(Saved entries)
________

definition lascar_chain :: "('a, 'f, 'r) struc \<Rightarrow> 'k rel \<Rightarrow> ('i \<Rightarrow> 'a) \<Rightarrow> ('i \<Rightarrow> 'a) \<Rightarrow> nat \<Rightarrow> bool" where
  "lascar_chain C \<kappa> a b n \<longleftrightarrow> (\<exists>(as :: nat \<Rightarrow> 'i \<Rightarrow> 'a) Ms.
      as 0 = a \<and> as n = b \<and> (\<forall>i\<le>n. range (as i) \<subseteq> univ C) \<and>
      (\<forall>i<n. elem_sub C (Ms i) \<and> small \<kappa> (Ms i) \<and> tp_eq C (Ms i) (as i) (as (Suc i))))"

definition dL :: "('a, 'f, 'r) struc \<Rightarrow> 'k rel \<Rightarrow> ('i \<Rightarrow> 'a) \<Rightarrow> ('i \<Rightarrow> 'a) \<Rightarrow> enat" where
  "dL C \<kappa> a b = (if \<exists>n. lascar_chain C \<kappa> a b n
                   then enat (LEAST n. lascar_chain C \<kappa> a b n) else \<infinity>)"

inductive_set autfL :: "('a, 'f, 'r) struc \<Rightarrow> 'k rel \<Rightarrow> ('a \<Rightarrow> 'a) set"
  for C :: "('a, 'f, 'r) struc" and \<kappa> :: "'k rel" where
  fix_model: "aut C \<sigma> \<Longrightarrow> elem_sub C M \<Longrightarrow> small \<kappa> M \<Longrightarrow> (\<forall>x\<in>M. \<sigma> x = x) \<Longrightarrow> \<sigma> \<in> autfL C \<kappa>"
| ident: "id \<in> autfL C \<kappa>"
| comp: "\<sigma> \<in> autfL C \<kappa> \<Longrightarrow> \<tau> \<in> autfL C \<kappa> \<Longrightarrow> \<sigma> \<circ> \<tau> \<in> autfL C \<kappa>"
| inv: "\<sigma> \<in> autfL C \<kappa> \<Longrightarrow> inv_into (univ C) \<sigma> \<in> autfL C \<kappa>"

definition EL :: "('a, 'f, 'r) struc \<Rightarrow> 'k rel \<Rightarrow> ('i \<Rightarrow> 'a) \<Rightarrow> ('i \<Rightarrow> 'a) \<Rightarrow> bool" where
  "EL C \<kappa> a b \<longleftrightarrow> (\<exists>\<sigma>\<in>autfL C \<kappa>. b = \<sigma> \<circ> a)"

definition A_set :: "('a, 'f, 'r) struc \<Rightarrow> ('f, 'r, 'i + nat, 'a) fm set \<Rightarrow> ('i \<Rightarrow> 'a) \<Rightarrow> ('a \<Rightarrow> 'a) set" where
  "A_set C r a = {\<sigma>. aut C \<sigma> \<and> realizes C r (\<sigma> \<circ> a)}"

end

theory Submission
  imports Defs
begin

text \<open>Every \<open>\<sigma> \<in> B\<close> moves \<open>\<alpha>\<close> to a tuple of the same type over some small model: a
  realisation \<open>\<gamma>\<close> of \<open>q|\<^sub>M\<^sub>\<alpha>\<close> has the type of \<open>\<alpha>\<close> over \<open>M\<close> and the type of \<open>\<sigma>(\<alpha>)\<close>
  over \<open>\<alpha>\<close>, so by strong homogeneity some automorphism fixing \<open>\<alpha>\<close> sends \<open>\<sigma>(\<alpha>)\<close> to \<open>\<gamma>\<close>,
  and its inverse carries \<open>M\<close> to a model \<open>N\<close> with \<open>\<alpha> \<equiv>\<^sub>N \<sigma>(\<alpha>)\<close>. Applying \<open>\<sigma>\<^sup>-\<^sup>1\<close>
  gives the same for \<open>\<sigma>\<^sup>-\<^sup>1\<close>. Translating these four steps by \<open>\<sigma>\<^sub>1\<close>, \<open>\<sigma>\<^sub>1\<sigma>\<^sub>2\<close>, \<dots>
  yields a Lascar chain \<open>\<alpha>, \<sigma>\<^sub>1(\<alpha>), \<sigma>\<^sub>1\<sigma>\<^sub>2(\<alpha>), \<dots>\<close> of length 4. Conversely each step
  \<open>a \<equiv>\<^sub>N b\<close> of a Lascar chain is realised by an automorphism fixing \<open>N\<close>, so Lascar distance
  at most 4 implies \<open>E\<^sub>L\<close>.

  The monster model is only assumed saturated for \<open>1\<close>-types, so realising \<open>q|\<^sub>M\<^sub>\<alpha>\<close>
  needs saturation for small tuples, obtained by realising one variable at a time.\<close>

section \<open>Substitution and renaming of parameters\<close>

lemma evt_cong: "\<forall>v\<in>fvt t. e v = e' v \<Longrightarrow> evt S e t = evt S e' t"
  by (induction t) (auto intro!: arg_cong[where f="fint S _"])

lemma sat_cong: "\<forall>v\<in>fv \<phi>. e v = e' v \<Longrightarrow> sat S e \<phi> = sat S e' \<phi>"
proof (induction \<phi> arbitrary: e e')
  case (Eq s t)
  then show ?case using evt_cong[of s e e' S] evt_cong[of t e e' S] by simp
next
  case (Rel r ts)
  then have "map (evt S e) ts = map (evt S e') ts" by (auto intro: evt_cong)
  then show ?case by (simp only: sat.simps)
next
  case (Conj \<phi> \<psi>)
  have "sat S e \<phi> = sat S e' \<phi>" by (rule Conj.IH(1)) (use Conj.prems in auto)
  moreover have "sat S e \<psi> = sat S e' \<psi>" by (rule Conj.IH(2)) (use Conj.prems in auto)
  ultimately show ?case by simp
next
  case (Ex v \<phi>)
  have "sat S (e(v := b)) \<phi> = sat S (e'(v := b)) \<phi>" for b
    by (rule Ex.IH) (use Ex.prems in auto)
  then show ?case by simp
qed simp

________

§ WORK TO BE COMPLETED
The whole of the data is to be copied out word for word.

§ EXERCISE RESULT
definition lascar_chain :: "('a, 'f, 'r) struc \<Rightarrow> 'k rel \<Rightarrow> ('i \<Rightarrow> 'a) \<Rightarrow> ('i \<Rightarrow> 'a) \<Rightarrow> nat \<Rightarrow> bool" where
  "lascar_chain C \<kappa> a b n \<longleftrightarrow> (\<exists>(as :: nat \<Rightarrow> 'i \<Rightarrow> 'a) Ms.
      as 0 = a \<and> as n = b \<and> (\<forall>i\<le>n. range (as i) \<subseteq> univ C) \<and>
      (\<forall>i<n. elem_sub C (Ms i) \<and> small \<kappa> (Ms i) \<and> tp_eq C (Ms i) (as i) (as (Suc i))))"

definition dL :: "('a, 'f, 'r) struc \<Rightarrow> 'k rel \<Rightarrow> ('i \<Rightarrow> 'a) \<Rightarrow> ('i \<Rightarrow> 'a) \<Rightarrow> enat" where
  "dL C \<kappa> a b = (if \<exists>n. lascar_chain C \<kappa> a b n
                   then enat (LEAST n. lascar_chain C \<kappa> a b n) else \<infinity>)"

inductive_set autfL :: "('a, 'f, 'r) struc \<Rightarrow> 'k rel \<Rightarrow> ('a \<Rightarrow> 'a) set"
  for C :: "('a, 'f, 'r) struc" and \<kappa> :: "'k rel" where
  fix_model: "aut C \<sigma> \<Longrightarrow> elem_sub C M \<Longrightarrow> small \<kappa> M \<Longrightarrow> (\<forall>x\<in>M. \<sigma> x = x) \<Longrightarrow> \<sigma> \<in> autfL C \<kappa>"
| ident: "id \<in> autfL C \<kappa>"
| comp: "\<sigma> \<in> autfL C \<kappa> \<Longrightarrow> \<tau> \<in> autfL C \<kappa> \<Longrightarrow> \<sigma> \<circ> \<tau> \<in> autfL C \<kappa>"
| inv: "\<sigma> \<in> autfL C \<kappa> \<Longrightarrow> inv_into (univ C) \<sigma> \<in> autfL C \<kappa>"

definition EL :: "('a, 'f, 'r) struc \<Rightarrow> 'k rel \<Rightarrow> ('i \<Rightarrow> 'a) \<Rightarrow> ('i \<Rightarrow> 'a) \<Rightarrow> bool" where
  "EL C \<kappa> a b \<longleftrightarrow> (\<exists>\<sigma>\<in>autfL C \<kappa>. b = \<sigma> \<circ> a)"

definition A_set :: "('a, 'f, 'r) struc \<Rightarrow> ('f, 'r, 'i + nat, 'a) fm set \<Rightarrow> ('i \<Rightarrow> 'a) \<Rightarrow> ('a \<Rightarrow> 'a) set" where
  "A_set C r a = {\<sigma>. aut C \<sigma> \<and> realizes C r (\<sigma> \<circ> a)}"

end

theory Submission
  imports Defs
begin

text \<open>Every \<open>\<sigma> \<in> B\<close> moves \<open>\<alpha>\<close> to a tuple of the same type over some small model: a
  realisation \<open>\<gamma>\<close> of \<open>q|\<^sub>M\<^sub>\<alpha>\<close> has the type of \<open>\<alpha>\<close> over \<open>M\<close> and the type of \<open>\<sigma>(\<alpha>)\<close>
  over \<open>\<alpha>\<close>, so by strong homogeneity some automorphism fixing \<open>\<alpha>\<close> sends \<open>\<sigma>(\<alpha>)\<close> to \<open>\<gamma>\<close>,
  and its inverse carries \<open>M\<close> to a model \<open>N\<close> with \<open>\<alpha> \<equiv>\<^sub>N \<sigma>(\<alpha>)\<close>. Applying \<open>\<sigma>\<^sup>-\<^sup>1\<close>
  gives the same for \<open>\<sigma>\<^sup>-\<^sup>1\<close>. Translating these four steps by \<open>\<sigma>\<^sub>1\<close>, \<open>\<sigma>\<^sub>1\<sigma>\<^sub>2\<close>, \<dots>
  yields a Lascar chain \<open>\<alpha>, \<sigma>\<^sub>1(\<alpha>), \<sigma>\<^sub>1\<sigma>\<^sub>2(\<alpha>), \<dots>\<close> of length 4. Conversely each step
  \<open>a \<equiv>\<^sub>N b\<close> of a Lascar chain is realised by an automorphism fixing \<open>N\<close>, so Lascar distance
  at most 4 implies \<open>E\<^sub>L\<close>.

  The monster model is only assumed saturated for \<open>1\<close>-types, so realising \<open>q|\<^sub>M\<^sub>\<alpha>\<close>
  needs saturation for small tuples, obtained by realising one variable at a time.\<close>

section \<open>Substitution and renaming of parameters\<close>

lemma evt_cong: "\<forall>v\<in>fvt t. e v = e' v \<Longrightarrow> evt S e t = evt S e' t"
  by (induction t) (auto intro!: arg_cong[where f="fint S _"])

lemma sat_cong: "\<forall>v\<in>fv \<phi>. e v = e' v \<Longrightarrow> sat S e \<phi> = sat S e' \<phi>"
proof (induction \<phi> arbitrary: e e')
  case (Eq s t)
  then show ?case using evt_cong[of s e e' S] evt_cong[of t e e' S] by simp
next
  case (Rel r ts)
  then have "map (evt S e) ts = map (evt S e') ts" by (auto intro: evt_cong)
  then show ?case by (simp only: sat.simps)
next
  case (Conj \<phi> \<psi>)
  have "sat S e \<phi> = sat S e' \<phi>" by (rule Conj.IH(1)) (use Conj.prems in auto)
  moreover have "sat S e \<psi> = sat S e' \<psi>" by (rule Conj.IH(2)) (use Conj.prems in auto)
  ultimately show ?case by simp
next
  case (Ex v \<phi>)
  have "sat S (e(v := b)) \<phi> = sat S (e'(v := b)) \<phi>" for b
    by (rule Ex.IH) (use Ex.prems in auto)
  then show ?case by simp
qed simp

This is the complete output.